- Born: 25 February 1773 Paris, France
- Died: 3 April 1794 (aged 21) Madrid, Spain
- Noble family: FitzJames
- Spouse: María Teresa Fernández de Silva y de Palafox
- Issue: Jacobo Fitz-James Stuart, 6th Duke of Liria and Jérica Carlos Miguel Fitz-James Stuart, 14th Duke of Alba
- Father: Carlos Fitz-James Stuart, 4th Duke of Liria and Jérica
- Mother: Caroline zu Stolberg-Gedern

= Jacobo Fitz-James Stuart, 5th Duke of Liria and Jérica =

Spanish noble

Don Jacobo Felipe Carlos Fitz-James Stuart y Stolberg-Gedern, 5th Duke of Liria and Jérica, GE, (Paris, 25 February 1773 – Madrid, 3 April 1794) was a Spanish nobleman.

When his father died in 1787, he inherited all his titles and wealth, except those of the Colón family —the Dukedom of Veragua, the Dukedom of la Vega, the Marquessate of Jamaica, the Admiralty of the Ocean Sea and the Adelantado of the Indies—, that were claimed by a distant cousin. After a legal battle, he lost by court order those titles in favour of Mariano Colón de Larreátegui, who became the legal holder.

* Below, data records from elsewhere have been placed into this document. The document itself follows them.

lemma wf_term_prefix_fun:
  assumes "wf_term ar t" "t (r @ s) \<noteq> None" "s \<noteq> []"
  shows "\<exists>f. t r = Some (FunS f)"
  using assms(2,3)
proof (induction s rule: rev_induct)
  case (snoc i s)
  then obtain f where "t (r @ s) = Some (FunS f)"
    using wf_term_snoc[OF assms(1), of "r @ s" i] by auto
  then show ?case using snoc.IH by (cases "s = []") auto
qed simp

lemma strict_prefix_pos_iff: "strict_prefix_pos r p \<longleftrightarrow> (\<exists>s. s \<noteq> [] \<and> p = r @ s)"
proof
  assume "strict_prefix_pos r p"
  then show "\<exists>s. s \<noteq> [] \<and> p = r @ s" unfolding strict_prefix_pos_def
    by (metis append_take_drop_id drop_eq_Nil leD)
qed (auto simp: strict_prefix_pos_def)

lemma strict_prefix_pos_snoc: "strict_prefix_pos r (p @ [i]) \<longleftrightarrow> r = p \<or> strict_prefix_pos r p"
  unfolding strict_prefix_pos_def by (cases "length r = length p") (auto simp: take_append)

lemma not_strict_prefix_pos_Nil: "\<not> strict_prefix_pos r []"
  unfolding strict_prefix_pos_def by simp

lemma finite_positions_upto: "wf_term ar u \<Longrightarrow> finite {p. u p \<noteq> None \<and> length p \<le> d}"
proof (induction d)
  case 0
  have "{p. u p \<noteq> None \<and> length p \<le> 0} \<subseteq> {[]}" by auto
  then show ?case using finite_subset by blast
next
  case (Suc d)
  let ?S = "{p. u p \<noteq> None \<and> length p \<le> d}"
  let ?arity = "\<lambda>q. case u q of Some (FunS f) \<Rightarrow> ar f | _ \<Rightarrow> 0"
  have "{p. u p \<noteq> None \<and> length p \<le> Suc d} \<subseteq> ?S \<union> (\<Union>q\<in>?S. (\<lambda>i. q @ [i]) ` {..<?arity q})"
  proof
    fix p assume p: "p \<in> {p. u p \<noteq> None \<and> length p \<le> Suc d}"
    show "p \<in> ?S \<union> (\<Union>q\<in>?S. (\<lambda>i. q @ [i]) ` {..<?arity q})"
    proof (cases "length p \<le> d")
      case False
      then obtain q i where qi: "p = q @ [i]" by (metis le0 list.size(3) rev_exhaust)
      then obtain f where "u q = Some (FunS f)" "i < ar f"
        using wf_term_snoc[OF Suc.prems] p by blast
      then show ?thesis using p qi by auto
    qed (use p in auto)
  qed
  moreover have "finite (?S \<union> (\<Union>q\<in>?S. (\<lambda>i. q @ [i]) ` {..<?arity q}))" using Suc by simp
  ultimately show ?case using finite_subset by blast
qed

lemma wf_replace_at_bot:
  assumes wt: "wf_term ar t" and q: "q \<in> pos t"
  shows "wf_term ar (replace_at t q bot_term)"
proof -
  let ?c = "replace_at t q bot_term"
  have c: "?c p = (if take (length q) p = q then (if length p = length q then Some BotS else None)
                   else t p)" for p
    by (auto simp: replace_at_def bot_term_def dest!: arg_cong[where f = length])
  have "?c (p @ [i]) \<noteq> None \<longleftrightarrow> (\<exists>f. ?c p = Some (FunS f) \<and> i < ar f)" for p i
  proof (cases "take (length q) p = q")
    case True
    then have "take (length q) (p @ [i]) = q"
      by (metis append.assoc append_eq_conv_conj append_take_drop_id)
    then show ?thesis using c[of p] c[of "p @ [i]"] True
      by (auto dest!: arg_cong[where f = length])
  next
    case False
    show ?thesis
    proof (cases "take (length q) (p @ [i]) = q")
      case True
      then have "q = p @ [i]" using False
        by (metis butlast_snoc linorder_le_less_linear take_all take_butlast)
      then show ?thesis using c[of p] c[of "p @ [i]"] False q wf_term_snoc[OF wt]
        unfolding pos_def by auto
    qed (use c[of p] c[of "p @ [i]"] False wf_term_snoc[OF wt] in auto)
  qed
  moreover have "?c [] \<noteq> None" using c[of "[]"] wf_term_root[OF wt] by (cases q) auto
  ultimately show ?thesis unfolding wf_term_def by blast
qed

section \<open>The approximation order\<close>

lemma le_bot_agree: "le_bot s t \<Longrightarrow> s p \<noteq> None \<Longrightarrow> s p \<noteq> Some BotS \<Longrightarrow> s p = t p"
  unfolding le_bot_def by (auto split: if_splits)

context
  fixes ar :: "'f \<Rightarrow> nat" and s t :: "('f, 'v) pterm"
  assumes ws: "wf_term ar s" and wt: "wf_term ar t"
    and agree: "\<forall>p. s p \<noteq> None \<longrightarrow> s p = Some BotS \<or> s p = t p"
begin

private lemma defined_in_upper: "s p \<noteq> None \<Longrightarrow> t p \<noteq> None"
proof (induction p rule: rev_induct)
  case (snoc i q)
  then obtain f where "s q = Some (FunS f)" "i < ar f" using wf_term_snoc[OF ws] by blast
  then have "t q = Some (FunS f)" using agree by force
  then show ?case using \<open>i < ar f\<close> wf_term_snoc[OF wt] by blast
qed (use wf_term_root[OF wt] in simp)

private lemma undefined_in_upper:
  "s p = None \<Longrightarrow> \<not> (\<exists>q. strict_prefix_pos q p \<and> s q = Some BotS) \<Longrightarrow> t p = None"
proof (induction p rule: rev_induct)
  case (snoc i q)
  show ?case
  proof (cases "s q = None")
    case True
    then have "t q = None" using snoc strict_prefix_pos_snoc by blast
    then show ?thesis using wf_term_snoc[OF wt, of q i] by auto
  next
    case False
    then have "s q \<noteq> Some BotS" using snoc.prems(2) strict_prefix_pos_snoc by blast
    then have "t q = s q" using False agree by force
    then show ?thesis using snoc.prems(1) wf_term_snoc[OF ws, of q i] wf_term_snoc[OF wt, of q i]
      by auto
  qed
qed (use wf_term_root[OF ws] in simp)

lemma le_bot_intro: "le_bot s t"
proof -
  let ?P = "{p. s p = Some BotS}"
  have "s p = (if \<exists>q\<in>?P. strict_prefix_pos q p then None else if p \<in> ?P then Some BotS else t p)"
    for p
  proof (cases "\<exists>q\<in>?P. strict_prefix_pos q p")
    case True
    then obtain q r where "s q = Some BotS" "r \<noteq> []" "p = q @ r" using strict_prefix_pos_iff by auto
    then have "s p = None" using wf_term_prefix_fun[OF ws, of q r] by fastforce
    then show ?thesis using True by simp
  next
    case False
    show ?thesis
    proof (cases "s p = None")
      case True
      then have "t p = None" using False undefined_in_upper[of p] by blast
      then show ?thesis using True by simp
    qed (use False agree in auto)
  qed
  moreover have "?P \<subseteq> pos t" using defined_in_upper unfolding pos_def by auto
  ultimately show ?thesis unfolding le_bot_def by blast
qed

end

section \<open>Agreement up to a depth and metric convergence\<close>

definition agree_upto :: "nat \<Rightarrow> ('f, 'v) pterm \<Rightarrow> ('f, 'v) pterm \<Rightarrow> bool" where
  "agree_upto d s u \<longleftrightarrow> (\<forall>p. length p \<le> d \<longrightarrow> s p = u p)"

lemma term_dist_less_iff_agree_upto: "term_dist s u < (1/2) ^ d \<longleftrightarrow> agree_upto d s u"
proof (cases "s = u")
  case False
  let ?K = "LEAST k. \<exists>p. length p = k \<and> s p \<noteq> u p"
  have dist: "term_dist s u = (1/2) ^ ?K" using False unfolding term_dist_def by simp
  show ?thesis
  proof
    assume "term_dist s u < (1/2) ^ d"
    then have "d < ?K" using dist by simp
    show "agree_upto d s u" unfolding agree_upto_def
    proof (intro allI impI)
      fix p :: "nat list" assume "length p \<le> d"
      show "s p = u p"
      proof (rule ccontr)
        assume "s p \<noteq> u p"
        then have "?K \<le> length p" by (intro Least_le) blast
        then show False using \<open>d < ?K\<close> \<open>length p \<le> d\<close> by simp
      qed
    qed
  next
    assume "agree_upto d s u"
    have "\<exists>k p. length p = k \<and> s p \<noteq> u p" using False by auto
    from LeastI_ex[OF this] obtain p where "length p = ?K" "s p \<noteq> u p" by blast
    then have "d < ?K" using \<open>agree_upto d s u\<close> unfolding agree_upto_def by (metis not_less)
    then show "term_dist s u < (1/2) ^ d" using dist by simp
  qed
qed (simp add: term_dist_def agree_upto_def)

definition eventually_before :: "'i::wellorder \<Rightarrow> ('i \<Rightarrow> bool) \<Rightarrow> bool" where
  "eventually_before l P \<longleftrightarrow> (\<exists>b<l. \<forall>i. b \<le> i \<and> i < l \<longrightarrow> P i)"

lemma eventually_before_mono:
  "eventually_before l P \<Longrightarrow> (\<And>i. i < l \<Longrightarrow> P i \<Longrightarrow> Q i) \<Longrightarrow> eventually_before l Q"
  unfolding eventually_before_def by blast

lemma eventually_before_conj:
  assumes "eventually_before l P" "eventually_before l Q"
  shows "eventually_before l (\<lambda>i. P i \<and> Q i)"
proof -
  obtain b c where "b < l" "c < l" "\<forall>i. b \<le> i \<and> i < l \<longrightarrow> P i" "\<forall>i. c \<le> i \<and> i < l \<longrightarrow> Q i"
    using assms unfolding eventually_before_def by blast
  then show ?thesis unfolding eventually_before_def by (intro exI[of _ "max b c"]) auto
qed

lemma eventually_before_ball:
  "finite S \<Longrightarrow> S \<noteq> {} \<Longrightarrow> (\<And>x. x \<in> S \<Longrightarrow> eventually_before l (P x)) \<Longrightarrow>
    eventually_before l (\<lambda>i. \<forall>x\<in>S. P x i)"
proof (induction S rule: finite_ne_induct)
  case (insert x S)
  then show ?case using eventually_before_conj[of l "P x"] by simp
qed simp

lemma converges_to_iff_agree_upto:
  "converges_to t l u \<longleftrightarrow> (\<forall>d. eventually_before l (\<lambda>i. agree_upto d (t i) u))"
proof
  assume conv: "converges_to t l u"
  show "\<forall>d. eventually_before l (\<lambda>i. agree_upto d (t i) u)"
  proof
    fix d
    have "(0 :: real) < (1/2) ^ d" by simp
    then obtain b where "b < l" "\<forall>i. b \<le> i \<and> i < l \<longrightarrow> term_dist (t i) u < (1/2) ^ d"
      using conv unfolding converges_to_def by blast
    then show "eventually_before l (\<lambda>i. agree_upto d (t i) u)"
      unfolding eventually_before_def term_dist_less_iff_agree_upto by blast
  qed
next
  assume agree: "\<forall>d. eventually_before l (\<lambda>i. agree_upto d (t i) u)"
  show "converges_to t l u" unfolding converges_to_def
  proof (intro allI impI)
    fix e :: real assume "e > 0"
    then obtain d where d: "(1/2 :: real) ^ d < e" using real_arch_pow_inv[of e "1/2"] by auto
    have close: "term_dist s u < e" if "agree_upto d s u" for s
    proof -
      have "term_dist s u < (1/2) ^ d" using that term_dist_less_iff_agree_upto by blast
      then show ?thesis using d by linarith
    qed
    have "eventually_before l (\<lambda>i. agree_upto d (t i) u)" using agree by blast
    then have "eventually_before l (\<lambda>i. term_dist (t i) u < e)"
      by (rule eventually_before_mono) (rule close)
    then show "\<exists>b<l. \<forall>i. b \<le> i \<and> i < l \<longrightarrow> term_dist (t i) u < e"
      unfolding eventually_before_def .
  qed
qed

lemma depth_to_infinity_iff: "depth_to_infinity \<pi> l \<longleftrightarrow> (\<forall>n. eventually_before l (\<lambda>i. n \<le> length (\<pi> i)))"
  unfolding depth_to_infinity_def eventually_before_def by (rule refl)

On 24 January 1790 he married María Teresa Fernández de Silva y Palafox, (10 March 1772 – Florence, Italy, 29 April 1818, aged 46), daughter of Pedro Fernández de Silva, 10th Duke of Híjar, and Rafaela de Palafox and sister of José Rafael de Silva Fernández de Híjar. The couple had two children, i.e. the eldest son was Jacobo José Fitz-James Stuart y Silva born on 3 January 1792 and died as a child on 5 January 1795. The younger son was Carlos Miguel Fitz-James Stuart y Silva, who was born on 19 May 1794 (so that he was posthumous because his father died on 3 April 1794) and died on 7 October 1835.

Their two sons became successively the 6th Duke and 7th Duke of Liria and Jérica.